**Problem to solve:** State the number of lines that hold "longrightarrow" in the records below, with no other words.

Items listed in a dataset:
#####

lemma GPC_apply:
  fixes E :: "('a::finite) op \<Rightarrow> 'a op"
  assumes Bohr: "nondegenerate_bohr a" and G: "GPC \<beta> a E"
  shows "E X y y' = (if y = y' then (\<Sum>x\<in>UNIV. X x x * E (ket_bra x x) y y)
    else X y y' * E (ket_bra y y') y y')"
proof -
  have lin: "clinear_map E"
    using G by (simp add: GPC_def quantum_channel_def)
  have support: "(z = y \<and> z' = y') \<or> (z = z' \<and> y = y')" if "E (ket_bra z z') y y' \<noteq> 0" for z z'
    using GPC_ket_bra_Bohr_frequency[OF G that] Bohr unfolding nondegenerate_bohr_def by blast
  have "E X y y' = (\<Sum>z\<in>UNIV. \<Sum>z'\<in>UNIV. X z z' * E (ket_bra z z') y y')"
    by (rule clinear_map_expand[OF lin])
  also have "\<dots> = (if y = y' then (\<Sum>x\<in>UNIV. X x x * E (ket_bra x x) y y)
      else X y y' * E (ket_bra y y') y y')"
  proof (cases "y = y'")
    case True
    then have "(\<Sum>z\<in>UNIV. \<Sum>z'\<in>UNIV. X z z' * E (ket_bra z z') y y')
        = (\<Sum>z\<in>UNIV. \<Sum>z'\<in>UNIV. if z' = z then X z z * E (ket_bra z z) y y else 0)"
      using support by (intro sum.cong) auto
    then show ?thesis
      using True by simp
  next
    case False
    then have "(\<Sum>z\<in>UNIV. \<Sum>z'\<in>UNIV. X z z' * E (ket_bra z z') y y')
        = (\<Sum>z\<in>UNIV. \<Sum>z'\<in>UNIV. if z' = y' then if z = y then X y y' * E (ket_bra y y') y y' else 0 else 0)"
      using support by (intro sum.cong) auto
    then show ?thesis
      using False by simp
  qed
  finally show ?thesis .
qed

lemma quantum_channel_population_matrix:
  fixes E :: "('a::finite) op \<Rightarrow> 'a op"
  assumes "quantum_channel E"
  shows "E (ket_bra x x) y y = of_real (Re (E (ket_bra x x) y y))"
    and "column_stochastic (\<lambda>y x. Re (E (ket_bra x x) y y))"
proof -
  have Choi: "psd_on UNIV (\<lambda>p q. E (ket_bra (fst p) (fst q)) (snd p) (snd q))"
    using assms by (intro completely_positive_Choi_psd) (simp add: quantum_channel_def)
  show "E (ket_bra x x) y y = of_real (Re (E (ket_bra x x) y y))"
    using psd_on_diag(1)[OF _ Choi, of "(x, y)"] by simp
  have nonneg: "0 \<le> Re (E (ket_bra x x) y y)" for x y
    using psd_on_diag(2)[OF _ Choi, of "(x, y)"] by simp
  have "trace (E (ket_bra x x)) = 1" for x
    using assms by (simp add: quantum_channel_def trace_preserving_def trace_def ket_bra_def)
  then have "(\<Sum>y\<in>UNIV. Re (E (ket_bra x x) y y)) = 1" for x
    by (simp add: trace_def flip: Re_sum)
  then show "column_stochastic (\<lambda>y x. Re (E (ket_bra x x) y y))"
    using nonneg by (simp add: column_stochastic_def)
qed

lemma completely_positive_coherence_psd:
  fixes E :: "('a::finite) op \<Rightarrow> 'a op"
  assumes "completely_positive E"
  shows "psd (\<lambda>x x'. E (ket_bra x x') x x')"
  using psd_on_pullback[OF _ completely_positive_Choi_psd[OF assms], of "\<lambda>x. (x, x)" UNIV]
  by (simp add: psd_def)

lemma GPC_imp_stochastic_conditions:
  fixes E :: "('a::finite) op \<Rightarrow> 'a op"
  assumes Bohr: "nondegenerate_bohr a" and G: "GPC \<beta> a E" and "E \<rho> = \<sigma>"
    and coherent: "\<forall>x y. x \<noteq> y \<longrightarrow> \<rho> x y \<noteq> 0"
  shows "\<exists>P :: 'a \<Rightarrow> 'a \<Rightarrow> real. column_stochastic P
       \<and> (\<forall>y. (\<Sum>x\<in>UNIV. complex_of_real (P y x) * \<rho> x x) = \<sigma> y y)
       \<and> (\<forall>y. (\<Sum>x\<in>UNIV. P y x * gibbs_vec \<beta> a x) = gibbs_vec \<beta> a y)
       \<and> psd (\<lambda>x y. if x = y then complex_of_real (P x x) else \<sigma> x y / \<rho> x y)"
proof -
  have E_apply: "E X y y' = (if y = y' then (\<Sum>x\<in>UNIV. X x x * E (ket_bra x x) y y)
      else X y y' * E (ket_bra y y') y y')" for X y y'
    by (rule GPC_apply[OF Bohr G])
  define P where "P = (\<lambda>y x. Re (E (ket_bra x x) y y))"
  have channel: "quantum_channel E"
    using G by (simp add: GPC_def)
  have P: "E (ket_bra x x) y y = of_real (P y x)" for x y
    unfolding P_def by (rule quantum_channel_population_matrix(1)[OF channel])
  have "(\<Sum>x\<in>UNIV. of_real (P y x) * \<rho> x x) = \<sigma> y y" for y
    using E_apply[of \<rho> y y] \<open>E \<rho> = \<sigma>\<close> by (simp add: P mult.commute)
  moreover have "(\<Sum>x\<in>UNIV. P y x * gibbs_vec \<beta> a x) = gibbs_vec \<beta> a y" for y
  proof -
    have "E (gibbs_state \<beta> a) y y = gibbs_state \<beta> a y y"
      using G by (simp add: GPC_def)
    then have "of_real (\<Sum>x\<in>UNIV. P y x * gibbs_vec \<beta> a x) = complex_of_real (gibbs_vec \<beta> a y)"
      using E_apply[of "gibbs_state \<beta> a" y y] by (simp add: P gibbs_state_def mult.commute)
    then show ?thesis
      using of_real_eq_iff by blast
  qed
  moreover have "psd (\<lambda>x y. if x = y then complex_of_real (P x x) else \<sigma> x y / \<rho> x y)"
  proof -
    have "psd (\<lambda>x x'. E (ket_bra x x') x x')"
      using channel by (intro completely_positive_coherence_psd) (simp add: quantum_channel_def)
    moreover have "(\<lambda>x x'. E (ket_bra x x') x x')
        = (\<lambda>x y. if x = y then complex_of_real (P x x) else \<sigma> x y / \<rho> x y)"
      using E_apply[of \<rho>] \<open>E \<rho> = \<sigma>\<close> coherent by (auto simp: fun_eq_iff P)
    ultimately show ?thesis
      by simp
  qed
  moreover have "column_stochastic P"
    unfolding P_def by (rule quantum_channel_population_matrix(2)[OF channel])
  ultimately show ?thesis
    by blast
qed

theorem lemma5:
  fixes a :: "'a::finite \<Rightarrow> real" and \<beta> :: real and \<rho> \<sigma> :: "'a op"
  assumes "nondegenerate_bohr a"
    and "\<beta> > 0"
    and "is_state \<rho>" and "is_state \<sigma>"
    and "\<forall>x y. x \<noteq> y \<longrightarrow> \<rho> x y \<noteq> 0"
  shows "(\<exists>E. GPC \<beta> a E \<and> E \<rho> = \<sigma>) \<longleftrightarrow>
    (\<exists>P :: 'a \<Rightarrow> 'a \<Rightarrow> real. column_stochastic P
       \<and> (\<forall>y. (\<Sum>x\<in>UNIV. complex_of_real (P y x) * \<rho> x x) = \<sigma> y y)
       \<and> (\<forall>y. (\<Sum>x\<in>UNIV. P y x * gibbs_vec \<beta> a x) = gibbs_vec \<beta> a y)
       \<and> psd (\<lambda>x y. if x = y then complex_of_real (P x x) else \<sigma> x y / \<rho> x y))"
    (is "_ \<longleftrightarrow> (\<exists>P. ?stochastic P)")
proof
  assume "\<exists>E. GPC \<beta> a E \<and> E \<rho> = \<sigma>"
  then show "\<exists>P. ?stochastic P"
    using GPC_imp_stochastic_conditions[OF assms(1) _ _ assms(5)] by blast
next
  assume "\<exists>P. ?stochastic P"
  then obtain P where "?stochastic P" ..
  define N where "N = (\<lambda>x y. if x = y then complex_of_real (P x x) else \<sigma> x y / \<rho> x y)"
  have "GPC \<beta> a (stochastic_Schur_channel P N)"
    using \<open>?stochastic P\<close> by (intro stochastic_Schur_channel_GPC) (simp_all add: N_def)
  moreover have "stochastic_Schur_channel P N \<rho> = \<sigma>"
    using \<open>?stochastic P\<close> assms(5) by (auto simp: fun_eq_iff stochastic_Schur_channel_def N_def)
  ultimately show "\<exists>E. GPC \<beta> a E \<and> E \<rho> = \<sigma>"
    by blast
qed

end
theorem theorem1p2:
  fixes r n :: nat and V :: "'a set" and H :: "'a set set"
  assumes "r \<ge> 3"
    and "2 * real n \<ge> real (r - 1) * (2 * real r + 1)"
    and "r_graph r V H" and "card V = n"
    and "T_free r H"
    and "real (min_pos_codeg r V H) > 2 * real n / (2 * real r + 1)"
  shows "r_partite r V H"
proof -
  define d where "d = min_pos_codeg r V H"
  have "finite (shadow r H)"
    using assms(3) finite_subset[of "shadow r H" "Pow V"]
    unfolding r_graph_def shadow_def by auto
  then have codegree: "d \<le> card (nbhd V H e)" if "e \<in> shadow r H" for e
    unfolding d_def min_pos_codeg_def using that by (intro Min_le) auto
  have n_lt: "2 * real n < real d * (2 * real r + 1)"
    using assms(6) by (simp add: d_def pos_divide_less_eq)
  then have "real (2 * card V) < real ((2 * r + 1) * d)"
    using assms(4) by (simp add: algebra_simps)
  then have card_V: "2 * card V < (2 * r + 1) * d"
    by (simp only: of_nat_less_iff)
  have "real (r - 1) < real d"
    using mult_right_less_imp_less[of "real (r - 1)" "2 * real r + 1" "real d"] assms(2) n_lt
    by linarith
  then have "r \<le> d"
    by (simp only: of_nat_less_iff)
  interpret T_free_high_codegree r V H d
    using assms(1,3,5) codegree \<open>r \<le> d\<close> card_V by unfold_locales simp_all
  show ?thesis
    by (rule r_partite)
qed

end
(* Let $\Bbbk$ be an algebraically closed field and $A$ any finite dimensional $\Bbbk$-algebra. Then $\operatorname{HHdim} T(T(A))=\infty$.
   Context: For a finite dimensional algebra $B$, $T(B)=B\ltimes DB$ is the trivial extension: the vector space $B\oplus DB$, where $DB=\operatorname{Hom}_\Bbbk(B,\Bbbk)$ with its natural bimodule structure, with multiplication $(a,f)(b,g)=(ab,ag+fb)$. $\operatorname{HH}_n(B)=\operatorname{Tor}^{B\otimes_\Bbbk B^{\mathrm{op}}}_n(B,B)$ is the $n$-th Hochschild homology group, and $\operatorname{HHdim}B=\sup\{n\mid \operatorname{HH}_n(B)\neq 0\}$. *)

theory Defs
  imports "HOL-Computational_Algebra.Polynomial" "HOL-Library.Extended_Nat"
begin

(* A finite-dimensional algebra is presented by its dimension d and structure
   constants c w.r.t. a basis e_0..e_{d-1}:  e_i * e_j = sum_k c i j k e_k. *)

definition alg_closed_field :: "'k::field itself \<Rightarrow> bool" where
  "alg_closed_field _ \<longleftrightarrow> (\<forall>p :: 'k poly. degree p > 0 \<longrightarrow> (\<exists>x. poly p x = 0))"

definition fd_algebra :: "(nat \<Rightarrow> nat \<Rightarrow> nat \<Rightarrow> 'k::field) \<Rightarrow> nat \<Rightarrow> bool" where
  "fd_algebra c d \<longleftrightarrow>
     (\<forall>i<d. \<forall>j<d. \<forall>l<d. \<forall>m<d.
        (\<Sum>k<d. c i j k * c k l m) = (\<Sum>k<d. c j l k * c i k m)) \<and>
     (\<exists>u :: nat \<Rightarrow> 'k. \<forall>j<d. \<forall>m<d.
        (\<Sum>i<d. u i * c i j m) = (if j = m then 1 else 0) \<and>
        (\<Sum>i<d. u i * c j i m) = (if j = m then 1 else 0))"

(* Trivial extension T(B) = B \<ltimes> DB, of dimension 2d: basis e_0..e_{d-1} of B,
   followed by the dual basis e_0^*..e_{d-1}^* (index d+i) of DB, with bimodule
   structure (a f b)(x) = f(b x a). Hence
   e_i e_j^* = sum_m c m i j e_m^*,  e_j^* e_i = sum_m c i m j e_m^*,  DB*DB = 0. *)
definition trivext :: "(nat \<Rightarrow> nat \<Rightarrow> nat \<Rightarrow> 'k::field) \<Rightarrow> nat \<Rightarrow> nat \<Rightarrow> nat \<Rightarrow> nat \<Rightarrow> 'k" where
  "trivext c d i j k =
     (if i < d \<and> j < d \<and> k < d then c i j k
      else if i < d \<and> d \<le> j \<and> j < 2*d \<and> d \<le> k \<and> k < 2*d then c (k - d) i (j - d)
      else if d \<le> i \<and> i < 2*d \<and> j < d \<and> d \<le> k \<and> k < 2*d then c j (k - d) (i - d)
      else 0)"

(* basis of B^{\<otimes> m}: index tuples *)
definition tuples :: "nat \<Rightarrow> nat \<Rightarrow> nat list set" where
  "tuples d m = {xs. length xs = m \<and> set xs \<subseteq> {..<d}}"

(* Hochschild chains C_n(B) = B^{\<otimes>(n+1)}, as coefficient functions *)
definition hchains :: "nat \<Rightarrow> nat \<Rightarrow> (nat list \<Rightarrow> 'k::field) set" where
  "hchains d n = {v. \<forall>xs. v xs \<noteq> 0 \<longrightarrow> xs \<in> tuples d (n+1)}"

(* coefficient of basis tensor ys in b_n(e_xs), xs of length n+1, n \<ge> 1 *)
definition hcoef :: "(nat \<Rightarrow> nat \<Rightarrow> nat \<Rightarrow> 'k::field) \<Rightarrow> nat \<Rightarrow> nat list \<Rightarrow> nat list \<Rightarrow> 'k" where
  "hcoef c n xs ys =
     (\<Sum>i<n. if take i xs = take i ys \<and> drop (i+2) xs = drop (i+1) ys
             then (-1)^i * c (xs!i) (xs!(i+1)) (ys!i) else 0)
     + (if tl ys = take (n-1) (tl xs) then (-1)^n * c (xs!n) (xs!0) (ys!0) else 0)"

definition hbd :: "(nat \<Rightarrow> nat \<Rightarrow> nat \<Rightarrow> 'k::field) \<Rightarrow> nat \<Rightarrow> nat \<Rightarrow> (nat list \<Rightarrow> 'k) \<Rightarrow> nat list \<Rightarrow> 'k" where
  "hbd c d n v =
     (if n = 0 then (\<lambda>_. 0)
      else (\<lambda>ys. if ys \<in> tuples d n
                 then (\<Sum>xs\<in>tuples d (n+1). v xs * hcoef c n xs ys) else 0))"

definition HH_nonzero :: "(nat \<Rightarrow> nat \<Rightarrow> nat \<Rightarrow> 'k::field) \<Rightarrow> nat \<Rightarrow> nat \<Rightarrow> bool" where
  "HH_nonzero c d n \<longleftrightarrow>
     (\<exists>z\<in>hchains d n. hbd c d n z = (\<lambda>_. 0) \<and>
        \<not> (\<exists>w\<in>hchains d (n+1). hbd c d (n+1) w = z))"

definition HHdim :: "(nat \<Rightarrow> nat \<Rightarrow> nat \<Rightarrow> 'k::field) \<Rightarrow> nat \<Rightarrow> enat" where
  "HHdim c d = Sup {enat n | n. HH_nonzero c d n}"

end

theory Submission
  imports Defs
begin

text \<open>Write \<open>B = T(A)\<close>. The form \<open>trace (a, f) = f 1\<close> on \<open>B\<close> is symmetric,
  \<open>trace (x y) = trace (y x)\<close>, and identifies \<open>DB\<close> with \<open>B\<close> as a \<open>B\<close>-bimodule.
  In \<open>T(B)\<close> the product of two elements of \<open>DB\<close> vanishes, so every chain all of whose
  tensor factors lie in \<open>DB\<close> is a Hochschild cycle. Transport the factors to \<open>B\<close> and take
  the trace of their product: in even degree this functional kills all boundaries, because each
  inner face contributes the two terms of the bimodule action, these telescope in the alternating
  sum, and the cyclic face cancels the remainder by symmetry of the trace. It is nonzero on a
  suitable pure \<open>DB\<close>-chain, so \<open>HH\<^sub>n(T(B)) \<noteq> 0\<close> for every even \<open>n > 0\<close>.\<close>

lemma sum_lessThan_double:
  "(\<Sum>k<2*(d::nat). f k) = (\<Sum>k<d. f k) + (\<Sum>k<d. f (k+d)::'a::comm_monoid_add)"
proof -
  have "(\<Sum>k<2*d. f k) = sum f {0..<d} + sum f {d..<2*d}"
    by (simp add: lessThan_atLeast0 sum.atLeastLessThan_concat)
  also have "sum f {d..<2*d} = (\<Sum>k<d. f (k+d))"
    using sum.shift_bounds_nat_ivl[of f 0 d d] by (simp add: lessThan_atLeast0 mult_2)
  finally show ?thesis by (simp add: lessThan_atLeast0)
qed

#####

**Response:** 4